In fact it is possible I even poked a little fun at the notion that the word “island” is part of the name of a town in the state of Nebraska. I may also be guilty of encouraging my friends to wear Hawaiian shirts for each day of the conference… as a celebration of “island life.”

But then we arrived in town. And drove around. And met people and saw sights.

And as a result… I learned! I learned that Grand Island is a wonderful, clean, vigorous, engaging city of 48,000 souls on the plains of south central Nebraska.

(I’m still not entirely sure where the “island” part of the name comes in though.)

In the process of learning these things about Grand Island, I learned another important lesson. I learned something about learning.

Here is what I learned: sometimes learning happens when a vacuum gets filled. For me, there was an empty place in my mind called “the location of Grand Island, Nebraska.” I filled that empty space by looking on a map and finding it… right there off of Interstate 80, about 90 miles straight west of Lincoln, NE.

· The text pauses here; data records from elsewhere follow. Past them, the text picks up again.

lemma crawl_greedy_walk:
  assumes walk: "greedy_walk V E w0 p T" and w0: "w0 \<in> weightings V"
  shows "1 \<le> t \<Longrightarrow> t \<le> T \<Longrightarrow> crawl V E w0 t = (p t, walk_weight w0 p t)"
proof (induction t rule: nat_induct_at_least)
  case base
  have "(THE u. u \<in> V \<and> w0 u = - int (card V)) = p 1"
    using walk the_first_vertex_eq[OF w0] by (simp add: greedy_walk_def)
  then show ?case by (simp add: crawl.simps(2) Let_def fun_upd_def)
next
  case (Suc t)
  then have "crawl V E w0 t = (p t, walk_weight w0 p t)" by simp
  moreover have "(THE u. u \<in> V \<and> E (p t) u \<and>
      (\<forall>u'. u' \<in> V \<and> E (p t) u' \<longrightarrow> walk_weight w0 p t u \<le> walk_weight w0 p t u')) = p (Suc t)"
    using walk Suc by (intro the_greedy_choice_eq) (simp_all add: greedy_walk_def)
  ultimately show ?case using Suc by (simp add: crawl.simps(2) Let_def fun_upd_def)
qed

lemma RC_time_le_greedy_walk:
  assumes "greedy_walk V E w0 p T" "w0 \<in> weightings V" "1 \<le> T" and covers: "V \<subseteq> p ` {1..T}"
  shows "RC_time V E w0 \<le> T"
proof (rule RC_time_le)
  show "\<forall>y\<in>V. 0 < snd (crawl V E w0 T) y"
  proof
    fix y assume "y \<in> V"
    then obtain r where "r \<in> {1..T}" "p r = y" using covers by blast
    then show "0 < snd (crawl V E w0 T) y"
      using crawl_greedy_walk[OF assms(1,2,3) order_refl] walk_weight_ge_visit[of r T p y w0] by simp
  qed
qed (rule assms(3))

definition enum_weighting :: "(nat \<Rightarrow> 'a) \<Rightarrow> nat \<Rightarrow> 'a \<Rightarrow> int" where
  "enum_weighting \<tau> n x = (if x \<in> \<tau> ` {..<n} then int (inv_into {..<n} \<tau> x) - int n else 0)"
lemma ennpowr_leI:
  assumes "0 < p" and le: "\<And>c. 0 < c \<Longrightarrow> ennreal c \<le> a \<Longrightarrow> ennreal (c powr p) \<le> b"
  shows "ennpowr a p \<le> b"
proof (cases a)
  case (real c)
  show ?thesis
  proof (cases "c = 0")
    case True
    then show ?thesis using real by simp
  next
    case False
    then have "ennreal (c powr p) \<le> b"
      using real by (intro le) auto
    moreover have "ennpowr a p = ennreal (c powr p)"
      using real by (simp add: ennpowr_ennreal)
    ultimately show ?thesis by (simp only:)
  qed
next
  case top
  have "b = \<infinity>"
  proof (rule ccontr)
    assume "b \<noteq> \<infinity>"
    then have "b < top"
      by (simp add: less_top)
    then obtain n :: nat where n: "b < of_nat n"
      using ennreal_Ex_less_of_nat by blast
    then have "0 < n"
      by (cases n) auto
    have "(real n powr (1/p)) powr p = real n"
      using \<open>0 < p\<close> by (simp add: powr_powr)
    then have "ennreal (real n) \<le> b"
      using le[of "real n powr (1/p)"] top \<open>0 < n\<close> by simp
    then show False
      using n by (simp add: ennreal_of_nat_eq_real_of_nat)
  qed
  with top show ?thesis by simp
qed

lemma ennreal_mult_strict_right_mono_real:
  assumes "c < K" "0 < K" "0 < R" "R < \<infinity>"
  shows "ennreal c * R < ennreal K * R"
  using assms by (intro ennreal_mult_strict_right_mono ennreal_lessI) auto

section \<open>Power integrals\<close>

lemma nn_integral_powr_head:
  assumes "-1 < a" "0 \<le> c"
  shows "(\<integral>\<^sup>+ y\<in>{0..c}. ennreal (y powr a) \<partial>lborel) = ennreal (c powr (a + 1) / (a + 1))"
  using assms by (intro nn_integral_has_integral_lebesgue' has_integral_powr_from_0) auto

lemma nn_integral_powr_tail:
  assumes "a < -1" "0 < c"
  shows "(\<integral>\<^sup>+ y\<in>{c..}. ennreal (y powr a) \<partial>lborel) = ennreal (c powr (a + 1) / (- a - 1))"
proof -
  have "(\<integral>\<^sup>+ y\<in>{c..}. ennreal (y powr a) \<partial>lborel) = ennreal (- (c powr (a + 1)) / (a + 1))"
    using assms by (intro nn_integral_has_integral_lebesgue' has_integral_powr_to_inf) auto
  also have "- (c powr (a + 1)) / (a + 1) = c powr (a + 1) / (- a - 1)"
    using assms by (simp add: field_simps)
  finally show ?thesis .
qed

That’s one kind of learning.

But I learned that there is also another kind!

On some occasions, an unlearning has to happen before new learning is possible. That is because knowledge that is askew or off-base has to be corrected, re-shaped, or removed altogether before it can be replaced by something a little more reflective of reality.

In my case, for example, I first had to unlearn (or “dump,” to be a little more scientific about it) my earlier perceptions about the kind of town Grand Island was before I could replace them with the truer, better, more informed picture.

In thinking about these two kinds of learning, I also discovered that people LOVE the first type (the vacuum-filling type), but are not at all fans of the second type (the one that begins with unlearning).

It may be because the second type of learning requires HUMILITY… the willingness to begin by saying, “You know what… I was wrong about that.”

This is not a sentence that comes easily to my lips. I like to feel as if I have a few things figured out at this fine, ripe age I’ve attained. Retracing and retracting are not actions I rush to embrace.

And yet…

… my sense is that the learning that begins with a humble retraction seems to settle in at a deeper place inside me. It feels somehow “heftier”… a little more like WISDOM or INSIGHT than just information.

That may be what the writer of Proverbs meant by saying that “wisdom is with the humble.”

So then where does that leave us?

It would be hard to argue with the conclusion that the world has rarely had a greater need for wisdom and insight than it has today. At the same time, the world seems to be facing a desperate shortage of humility – the key ingredient of wisdom.

Because after all… when you already have all the answers, why look further or deeper?

Fortunately we have the prophet Micah to remind us what is good. And so, in case you have forgotten what he said, here is that reminder once again: “He has told you, O mortal, what is good; and what does the Lord require of you but to do justice, and to love kindness, and to walk humbly with your God?” Micah 6:8, NRSV.

To paraphrase the most interesting man in the world: Stay humble, my friend. Gain wisdom.